The big question might be how we see really big image to image differences, so to some extent it’s not that accuracy is like 62% it’s that it’s a certain mix of 35-85%.
Theory implications: ???
People don’t start off doing anything different for group size, and maybe people on this task don’t read that far? / what questions people have are sufficiently random that the clarifications aren’t that differential?
Here we have the issue that in real games, initial accuracy for 2p is marginally? greater than 6p, so there may or may not be something to explain here…
How far people actually read / time might also be part of it
so, descriptions vary and we can think of “goodness to partner” and “goodness to naive” as having a shared component “overall goodness” and then a “path dependence” component (or something)
and we might imagine that both of these increase over time generally
things that don’t narrow down the set of tangrams (diamond head) isn’t useful at all
maybe should factor out a “nichiness” part <– how broad is the prior knowledge -> like is this based on a general “what bunnies look like” or a pop-culture thing or a our-personal-conversation-history
seems like there might also be a : how commonly does this description come up v how well it fits the image (/differentially fits the image). Like “cobra” might not be commonly used but may be high fit?

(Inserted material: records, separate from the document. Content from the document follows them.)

(* There is no odd perfect number of the form $n = 5^{\alpha} M^{2\beta}$, where $\alpha$ and $\beta$ are positive integers and $M$ is a square-free positive integer with $5 \nmid M$.
   Context: A positive integer $n$ is perfect if $\sigma(n) = 2n$, where $\sigma(n)$ denotes the sum of all positive divisors of $n$. *)

theory Defs
  imports "HOL-Computational_Algebra.Squarefree"
begin

definition divisor_sum :: "nat \<Rightarrow> nat" where
  "divisor_sum n = (\<Sum>d\<in>{d. d dvd n}. d)"

definition perfect :: "nat \<Rightarrow> bool" where
  "perfect n \<longleftrightarrow> n > 0 \<and> divisor_sum n = 2 * n"

end

(*
  Write m = 2 beta. Multiplicativity gives
    sigma(n) = sigma(5^alpha) * prod_{q | M} sigma(q^m) = 2 * 5^alpha * M^m.
  Each sigma(q^m) is a sum of m + 1 odd terms, hence odd, so alpha is odd and
  1 + 5 divides sigma(5^alpha): thus 3 | M. If 5 did not divide m + 1, Fermat's
  little theorem would show that 5 divides no sigma(q^m), contradicting 5 | 2n.
  So 5 | m + 1, and then 11^2 = sigma(3^4) | sigma(3^m) and
  5 * 3221 = sigma(11^4) | sigma(11^m) give 11 | M and 3221 | M. Since
  11 and 3221 are 1 (mod 5), both sigma(11^m) and sigma(3221^m) are multiples of 5,
  which forces alpha >= 2. Hence 5^2 * 3^4 * 11 divides n; but this number is
  abundant, and a divisor of a perfect number cannot be abundant.
*)

theory Submission
  imports Defs "HOL-Number_Theory.Pocklington"
begin

lemma divisor_sum_mult:
  fixes a b :: nat
  assumes "coprime a b" "0 < a" "0 < b"
  shows "divisor_sum (a * b) = divisor_sum a * divisor_sum b"
proof -
  let ?D = "\<lambda>n::nat. {d. d dvd n}"
  have "inj_on (\<lambda>(x, y). x * y) (?D a \<times> ?D b)"
  proof (rule inj_onI, clarsimp)
    fix x y u v :: nat
    assume dvd: "x dvd a" "y dvd b" "u dvd a" "v dvd b" and eq: "x * y = u * v"
    have "x dvd u"
      using coprime_divisors[OF dvd(1,4) assms(1)] eq by (metis coprime_dvd_mult_left_iff dvd_triv_left)
    moreover have "u dvd x"
      using coprime_divisors[OF dvd(3,2) assms(1)] eq by (metis coprime_dvd_mult_left_iff dvd_triv_left)
    ultimately have "x = u" by (rule dvd_antisym)
    moreover have "x \<noteq> 0" using dvd(1) assms(2) by auto
    ultimately show "x = u \<and> y = v" using eq by simp
  qed
  moreover have "(\<lambda>(x, y). x * y) ` (?D a \<times> ?D b) = ?D (a * b)"
    by (auto intro: mult_dvd_mono dest: division_decomp)
  ultimately have "divisor_sum (a * b) = (\<Sum>(x, y)\<in>?D a \<times> ?D b. x * y)"
    unfolding divisor_sum_def by (metis (no_types, lifting) sum.reindex_cong)
  also have "\<dots> = divisor_sum a * divisor_sum b"
    unfolding divisor_sum_def sum_product sum.cartesian_product ..
  finally show ?thesis .
qed

lemma divisor_sum_prime_power:
  assumes "prime p"
  shows "divisor_sum (p ^ k) = (\<Sum>i<Suc k. p ^ i)"
proof -
  have "{d. d dvd p ^ k} = (\<lambda>i. p ^ i) ` {..k}"
    using divides_primepow_nat[OF assms] by auto
  moreover have "inj_on (\<lambda>i. p ^ i) {..k}"
    using prime_gt_1_nat[OF assms] by (auto simp: inj_on_def)
  ultimately show ?thesis
    unfolding divisor_sum_def by (simp add: sum.reindex lessThan_Suc_atMost)
qed

lemma divisor_sum_prod_prime_powers:
  assumes "finite A" "\<And>p. p \<in> A \<Longrightarrow> prime p"
  shows "divisor_sum (\<Prod>p\<in>A. p ^ e p) = (\<Prod>p\<in>A. divisor_sum (p ^ e p))"
  using assms
proof (induction A rule: finite_induct)
  case empty
  then show ?case by (simp add: divisor_sum_def)
next
  case (insert p A)
  have "coprime (p ^ e p) (\<Prod>q\<in>A. q ^ e q)"
    using insert.hyps(2) insert.prems
    by (intro prod_coprime_right) (auto intro: coprime_power_left_iff[THEN iffD2] primes_coprime)
  moreover have "0 < p ^ e p" "0 < (\<Prod>q\<in>A. q ^ e q)"
    using insert.prems by (simp_all add: prime_gt_0_nat prod_pos)
  ultimately have "divisor_sum (p ^ e p * (\<Prod>q\<in>A. q ^ e q))
      = divisor_sum (p ^ e p) * divisor_sum (\<Prod>q\<in>A. q ^ e q)"
    by (rule divisor_sum_mult)
  then show ?case
    using insert by simp
qed

lemma divisor_sum_squarefree_power:
  assumes "squarefree M"
  shows "divisor_sum (M ^ m) = (\<Prod>q\<in>prime_factors M. divisor_sum (q ^ m))"
proof -
  have "M \<noteq> 0"
    using assms by (metis not_squarefree_0)
  then have "M = (\<Prod>q\<in>prime_factors M. q ^ multiplicity q M)"
    by (simp add: prime_factorization_nat)
  also have "\<dots> = (\<Prod>q\<in>prime_factors M. q)"
    using assms \<open>M \<noteq> 0\<close> by (simp add: squarefree_factorial_semiring')
  finally have "M ^ m = (\<Prod>q\<in>prime_factors M. q) ^ m"
    by (rule arg_cong)
  also have "\<dots> = (\<Prod>q\<in>prime_factors M. q ^ m)"
    by (rule prod_power_distrib)
  finally show ?thesis
    using divisor_sum_prod_prime_powers[of "prime_factors M" "\<lambda>_. m"]
    by (simp add: in_prime_factors_imp_prime)
qed

lemma divisor_sum_eq_sum_cofactors:
  assumes "0 < n"
  shows "divisor_sum n = (\<Sum>d | d dvd n. n div d)"
proof -
  have cofactor: "n div (n div d) = d" "n div d dvd n" if "d dvd n" for d
    using that assms by (auto elim!: dvdE)
  show ?thesis
    unfolding divisor_sum_def
    by (rule sum.reindex_bij_witness[of _ "\<lambda>d. n div d" "\<lambda>d. n div d"]) (auto simp: cofactor)
qed

lemma divisor_sum_mult_le_of_dvd:
  fixes a b :: nat
  assumes "a dvd b" "0 < b"
  shows "divisor_sum a * b \<le> divisor_sum b * a"
proof -
  obtain l where b: "b = a * l" using assms(1) ..
  with assms(2) have "0 < a" by simp
  have "a div d * b = b div d * a" if "d dvd a" for d
    using that \<open>0 < a\<close> by (auto simp: b elim!: dvdE)
  then have "divisor_sum a * b = (\<Sum>d | d dvd a. b div d * a)"
    unfolding divisor_sum_eq_sum_cofactors[OF \<open>0 < a\<close>] sum_distrib_right by simp
  also have "\<dots> \<le> (\<Sum>d | d dvd b. b div d * a)"
    using assms by (intro sum_mono2) (auto simp: b)
  also have "\<dots> = divisor_sum b * a"
    unfolding divisor_sum_eq_sum_cofactors[OF \<open>0 < b\<close>] sum_distrib_right ..
  finally show ?thesis .
qed

lemma geometric_sum_dvd_geometric_sum_mult:
  fixes q :: "'a::comm_semiring_1"
  shows "(\<Sum>i<d. q ^ i) dvd (\<Sum>i<d * k. q ^ i)"
proof -
  have "(\<Sum>i<d * k. q ^ i) = (\<Sum>j<k. \<Sum>i<d. q ^ (j * d + i))"
    unfolding mult.commute[of d k] sum.nat_group[symmetric]
    by (simp add: sum.atLeastLessThan_shift_0 atLeast0LessThan)
  also have "\<dots> = (\<Sum>j<k. q ^ (j * d)) * (\<Sum>i<d. q ^ i)"
    by (simp add: power_add sum_product)
  finally show ?thesis
    by simp
qed

lemma geometric_sum_cong_length:
  fixes q r :: nat
  assumes "[q = 1] (mod r)"
  shows "[(\<Sum>i<k. q ^ i) = k] (mod r)"
proof -
  have "[(\<Sum>i<k. q ^ i) = (\<Sum>i<k. 1)] (mod r)"
    using cong_pow[OF assms] by (intro cong_sum) simp
  then show ?thesis
    by simp
qed

lemma odd_geometric_sum_iff:
  fixes q :: nat
  assumes "odd q"
  shows "odd (\<Sum>i<k. q ^ i) \<longleftrightarrow> odd k"
proof -
  have "[q = 1] (mod 2)"
    using assms by (simp add: cong_def odd_iff_mod_2_eq_one)
  then show ?thesis
    using geometric_sum_cong_length by (auto simp: cong_def odd_iff_mod_2_eq_one)
qed

lemma geometric_sum_shift:
  fixes q :: "'a::comm_semiring_1"
  shows "q * (\<Sum>i<d. q ^ i) + 1 = (\<Sum>i<d. q ^ i) + q ^ d"
  using sum.lessThan_Suc_shift[of "\<lambda>i. q ^ i" d] by (simp add: sum_distrib_left add.commute)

So one question is: is everything the same path, but with different time components … or are there different paths in some way? Issue is that we think path speed is a group x tangram thing
so there’s a few things that contribute to difficulty like tangram & maybe group dynamic (difficulty might be externally measureable with kilogram or image distance from others or something)
is there a way to info theory this?
what’s a non-ad-hoc way…
could deep dive on a couple games to see if within a game / image we see u shape
but what do we think the parameters are…
there’s like lots of functional forms that one could fit
but what do we think the process - plausible ones are
on a per-trajectory basis: * could asymtote up as it is better / more clearly described * if in-group clarity > something, then can reduce which may or may not reduce clarity depending on in-groupiness?
no idea what those do with description length, going to have to build some toy process model aren’t we?